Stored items
::::

(* Let $p\ge1$, $m=2p$, $N>M\ge0$, let $\beta(0),\dots,\beta(N)$ be $p\times m$ matrices with $\beta(k)J\beta(k)^*=I_p$, put $C_k=2K^*\beta(k)^*\beta(k)K-j$, and consider the system $W_{k+1}(\lambda)-W_k(\lambda)=-\frac{i}{\lambda}jC_kW_k(\lambda)$, $W_0=I_m$. Then $\mathcal N(N)\subset\mathcal N(M)$.
   Context: $\mathbb C_-$ is the open lower half-plane; $j=\mathrm{diag}(I_p,-I_p)$, $J=\begin{bmatrix}0&I_p\\ I_p&0\end{bmatrix}$, $K=\frac1{\sqrt2}\begin{bmatrix}I_p&-I_p\\ I_p&I_p\end{bmatrix}$. For $L\le N$ let $\mathcal W(L,\lambda)=\{\mathcal W_{ij}(L,\lambda)\}_{i,j=1}^2=KW_{L+1}(\bar\lambda)^*$ ($p\times p$ blocks), and let $\mathcal N(L)$ be the set of $p\times p$ matrix functions $\varphi$ holomorphic in $\mathbb C_-$ of the form $\varphi=i(\mathcal W_{21}(L,\cdot)R+\mathcal W_{22}(L,\cdot)Q)(\mathcal W_{11}(L,\cdot)R+\mathcal W_{12}(L,\cdot)Q)^{-1}$, where $R,Q$ are $p\times p$ matrix functions meromorphic in $\mathbb C_-$, well defined at $\lambda=-i$, with $R^*R+Q^*Q>0$ and $R^*R\le Q^*Q$ (Weyl functions on the interval $0\le k\le L$). *)

theory Defs
  imports "HOL-Complex_Analysis.Complex_Analysis" "Jordan_Normal_Form.Schur_Decomposition"
begin

definition lower_half_plane :: "complex set" where
  "lower_half_plane = {z. Im z < 0}"

definition jmat :: "nat \<Rightarrow> complex mat" where
  "jmat p = mat (2*p) (2*p) (\<lambda>(a,b). if a = b then (if a < p then 1 else -1) else 0)"

definition Jmat :: "nat \<Rightarrow> complex mat" where
  "Jmat p = mat (2*p) (2*p) (\<lambda>(a,b). if b = a + p \<or> a = b + p then 1 else 0)"

definition Kmat :: "nat \<Rightarrow> complex mat" where
  "Kmat p = mat (2*p) (2*p) (\<lambda>(a,b).
     complex_of_real (1 / sqrt 2) *
       (if a = b then 1 else if b = a + p then -1 else if a = b + p then 1 else 0))"

definition Cmat :: "nat \<Rightarrow> (nat \<Rightarrow> complex mat) \<Rightarrow> nat \<Rightarrow> complex mat" where
  "Cmat p \<beta> k = (2::complex) \<cdot>\<^sub>m (mat_adjoint (Kmat p) * mat_adjoint (\<beta> k) * \<beta> k * Kmat p) - jmat p"

fun Wsol :: "nat \<Rightarrow> (nat \<Rightarrow> complex mat) \<Rightarrow> nat \<Rightarrow> complex \<Rightarrow> complex mat" where
  "Wsol p \<beta> 0 z = 1\<^sub>m (2*p)"
| "Wsol p \<beta> (Suc k) z =
     Wsol p \<beta> k z + (- \<i> / z) \<cdot>\<^sub>m (jmat p * Cmat p \<beta> k * Wsol p \<beta> k z)"

definition WW :: "nat \<Rightarrow> (nat \<Rightarrow> complex mat) \<Rightarrow> nat \<Rightarrow> complex \<Rightarrow> complex mat" where
  "WW p \<beta> L z = Kmat p * mat_adjoint (Wsol p \<beta> (Suc L) (cnj z))"

definition WWblock :: "nat \<Rightarrow> (nat \<Rightarrow> complex mat) \<Rightarrow> nat \<Rightarrow> nat \<Rightarrow> nat \<Rightarrow> complex \<Rightarrow> complex mat" where
  "WWblock p \<beta> L a b z =
     mat p p (\<lambda>(r,c). WW p \<beta> L z $$ (r + (a - 1) * p, c + (b - 1) * p))"

definition pos_def_mat :: "nat \<Rightarrow> complex mat \<Rightarrow> bool" where
  "pos_def_mat n A \<longleftrightarrow> A \<in> carrier_mat n n \<and> mat_adjoint A = A \<and>
     (\<forall>v \<in> carrier_vec n. v \<noteq> 0\<^sub>v n \<longrightarrow> Re (conjugate v \<bullet> (A *\<^sub>v v)) > 0)"

definition pos_semidef_mat :: "nat \<Rightarrow> complex mat \<Rightarrow> bool" where
  "pos_semidef_mat n A \<longleftrightarrow> A \<in> carrier_mat n n \<and> mat_adjoint A = A \<and>
     (\<forall>v \<in> carrier_vec n. Re (conjugate v \<bullet> (A *\<^sub>v v)) \<ge> 0)"

text \<open>A p x p matrix function meromorphic in S (entrywise; represented "nicely", i.e. without
  removable singularities), and the points where it is well defined (no entry has a pole).\<close>
definition mat_meromorphic_on :: "nat \<Rightarrow> (complex \<Rightarrow> complex mat) \<Rightarrow> complex set \<Rightarrow> bool" where
  "mat_meromorphic_on n F S \<longleftrightarrow> (\<forall>z\<in>S. F z \<in> carrier_mat n n) \<and>
     (\<forall>a<n. \<forall>b<n. (\<lambda>z. F z $$ (a,b)) nicely_meromorphic_on S)"

definition mat_defined_at :: "nat \<Rightarrow> (complex \<Rightarrow> complex mat) \<Rightarrow> complex \<Rightarrow> bool" where
  "mat_defined_at n F z \<longleftrightarrow> (\<forall>a<n. \<forall>b<n. \<not> is_pole (\<lambda>w. F w $$ (a,b)) z)"

definition mat_holomorphic_on :: "nat \<Rightarrow> (complex \<Rightarrow> complex mat) \<Rightarrow> complex set \<Rightarrow> bool" where
  "mat_holomorphic_on n F S \<longleftrightarrow> (\<forall>z\<in>S. F z \<in> carrier_mat n n) \<and>
     (\<forall>a<n. \<forall>b<n. (\<lambda>z. F z $$ (a,b)) holomorphic_on S)"

definition WeylSet :: "nat \<Rightarrow> (nat \<Rightarrow> complex mat) \<Rightarrow> nat \<Rightarrow> (complex \<Rightarrow> complex mat) set" where
  "WeylSet p \<beta> L = {\<phi>. mat_holomorphic_on p \<phi> lower_half_plane \<and>
     (\<exists>R Q. mat_meromorphic_on p R lower_half_plane \<and> mat_meromorphic_on p Q lower_half_plane \<and>
        mat_defined_at p R (-\<i>) \<and> mat_defined_at p Q (-\<i>) \<and>
        (\<forall>z\<in>lower_half_plane. mat_defined_at p R z \<and> mat_defined_at p Q z \<longrightarrow>
            pos_def_mat p (mat_adjoint (R z) * R z + mat_adjoint (Q z) * Q z) \<and>
            pos_semidef_mat p (mat_adjoint (Q z) * Q z - mat_adjoint (R z) * R z)) \<and>
        (\<forall>\<^sub>\<approx>z\<in>lower_half_plane.
            invertible_mat (WWblock p \<beta> L 1 1 z * R z + WWblock p \<beta> L 1 2 z * Q z) \<and>
            \<phi> z = \<i> \<cdot>\<^sub>m (WWblock p \<beta> L 2 1 z * R z + WWblock p \<beta> L 2 2 z * Q z) *
                   the (mat_inverse (WWblock p \<beta> L 1 1 z * R z + WWblock p \<beta> L 1 2 z * Q z))))}"

end

theory Submission
  imports Defs
begin

(* Taking adjoints in the recursion gives W_{L+1}(conj z)^* = B_0(z) ... B_L(z) with
   B_k(z) = I + (i/z) C_k j, so K W_{N+1}(conj z)^* = K W_{M+1}(conj z)^* U(z) for
   U = B_{M+1} ... B_N.  Hence a Weyl function of the interval [0, N] with parameter pair (R, Q) is
   a Weyl function of [0, M] with the pair (R', Q') whose stack is U (R; Q), once the removable
   singularities of U (R; Q) are removed.  Since C_k j = 2 P_k - I for the idempotent
   P_k = u_k^* u_k j with u_k = beta(k) K, each B_k maps the cone {x. x^* j x <= 0} minus the
   origin into itself when Im z < 0; this transfers the two positivity conditions from (R, Q) to
   (R', Q').  Finally, B_k(-z) B_k(z) = (1 + z^-2) I, so U has an analytic left inverse up to a
   scalar whose only zero in the lower half-plane is -i, where (R, Q) is regular by assumption;
   therefore (R', Q') is regular exactly where (R, Q) is. *)

no_notation inner (infix \<open>\<bullet>\<close> 70)

lemma dim_row_mat_adjoint[simp]: "dim_row (mat_adjoint A) = dim_col A"
  and dim_col_mat_adjoint[simp]: "dim_col (mat_adjoint A) = dim_row A"
  unfolding mat_adjoint_def by simp_all

lemma index_mat_adjoint[simp]:
  "i < dim_col A \<Longrightarrow> j < dim_row A \<Longrightarrow> mat_adjoint A $$ (i,j) = conjugate (A $$ (j,i))"
  unfolding mat_adjoint_def by (simp add: mat_of_rows_def)

lemma mat_adjoint_carrier[simp]: "A \<in> carrier_mat n m \<Longrightarrow> mat_adjoint A \<in> carrier_mat m n"
  unfolding carrier_mat_def by simp

lemma mat_adjoint_adjoint[simp]: "mat_adjoint (mat_adjoint A) = A"
  by (rule eq_matI) auto

lemma mat_adjoint_one[simp]: "mat_adjoint (1\<^sub>m n :: complex mat) = 1\<^sub>m n"
  by (rule eq_matI) auto

lemma mat_adjoint_smult: "mat_adjoint (c \<cdot>\<^sub>m A) = conjugate c \<cdot>\<^sub>m mat_adjoint A"
  by (rule eq_matI) (simp_all add: conjugate_dist_mul)

lemma mat_adjoint_add:
  "A \<in> carrier_mat n m \<Longrightarrow> B \<in> carrier_mat n m \<Longrightarrow> mat_adjoint (A + B) = mat_adjoint A + mat_adjoint B"
  by (rule eq_matI) (simp_all add: conjugate_dist_add)

lemma conjugate_dist_diff: "conjugate (a - b :: 'a :: conjugatable_ring) = conjugate a - conjugate b"
  by (metis conjugate_dist_add conjugate_neg diff_conv_add_uminus)

lemma mat_adjoint_minus:
  "A \<in> carrier_mat n m \<Longrightarrow> B \<in> carrier_mat n m \<Longrightarrow> mat_adjoint (A - B) = mat_adjoint A - mat_adjoint B"
  by (rule eq_matI) (simp_all add: conjugate_dist_diff)

lemma mat_adjoint_mult:
  assumes "A \<in> carrier_mat n m" "B \<in> carrier_mat m k"
  shows "mat_adjoint (A * B) = mat_adjoint B * mat_adjoint A"
proof (rule eq_matI)
  fix i j assume "i < dim_row (mat_adjoint B * mat_adjoint A)" "j < dim_col (mat_adjoint B * mat_adjoint A)"
  with assms have i: "i < k" and j: "j < n" by auto
  have "mat_adjoint (A * B) $$ (i,j) = conjugate (\<Sum>l<m. A $$ (j,l) * B $$ (l,i))"
    using assms i j by (simp add: scalar_prod_def atLeast0LessThan)
  also have "\<dots> = (\<Sum>l<m. conjugate (B $$ (l,i)) * conjugate (A $$ (j,l)))"
    by (simp add: sum_conjugate conjugate_dist_mul mult.commute)
  also have "\<dots> = (mat_adjoint B * mat_adjoint A) $$ (i,j)"
    using assms i j by (simp add: scalar_prod_def atLeast0LessThan)
  finally show "mat_adjoint (A * B) $$ (i,j) = (mat_adjoint B * mat_adjoint A) $$ (i,j)" .
qed (use assms in simp_all)

lemma mat_adjoint_mult_vec_sprod:
  assumes A: "A \<in> carrier_mat n m" and x: "x \<in> carrier_vec n" and y: "y \<in> carrier_vec m"
  shows "conjugate x \<bullet> (A *\<^sub>v y) = conjugate (mat_adjoint A *\<^sub>v x) \<bullet> y"
proof -
  have "conjugate x \<bullet> (A *\<^sub>v y) = (\<Sum>i<n. \<Sum>k<m. conjugate (x $ i) * A $$ (i,k) * y $ k)"
    using A x y by (simp add: scalar_prod_def sum_distrib_left atLeast0LessThan mult.assoc)
  also have "\<dots> = (\<Sum>k<m. \<Sum>i<n. conjugate (x $ i) * A $$ (i,k) * y $ k)"
    by (rule sum.swap)
  also have "\<dots> = (\<Sum>k<m. (\<Sum>i<n. conjugate (x $ i) * A $$ (i,k)) * y $ k)"
    by (simp add: sum_distrib_right)
  also have "\<dots> = conjugate (mat_adjoint A *\<^sub>v x) \<bullet> y"
    using A x y by (simp add: scalar_prod_def sum_conjugate conjugate_dist_mul atLeast0LessThan mult.commute)
  finally show ?thesis .
qed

::::

◆ YOUR TASK ◆
Set down only the lines above that fall between the line holding "mat) \<Rightarrow> nat \<Rightarrow> (complex" and the line holding "(\<exists>R Q. mat_meromorphic_on", inclusive, keeping each exact.

◆ RESPONSE TO THIS EXERCISE ◆
definition WeylSet :: "nat \<Rightarrow> (nat \<Rightarrow> complex mat) \<Rightarrow> nat \<Rightarrow> (complex \<Rightarrow> complex mat) set" where
  "WeylSet p \<beta> L = {\<phi>. mat_holomorphic_on p \<phi> lower_half_plane \<and>
     (\<exists>R Q. mat_meromorphic_on p R lower_half_plane \<and> mat_meromorphic_on p Q lower_half_plane \<and>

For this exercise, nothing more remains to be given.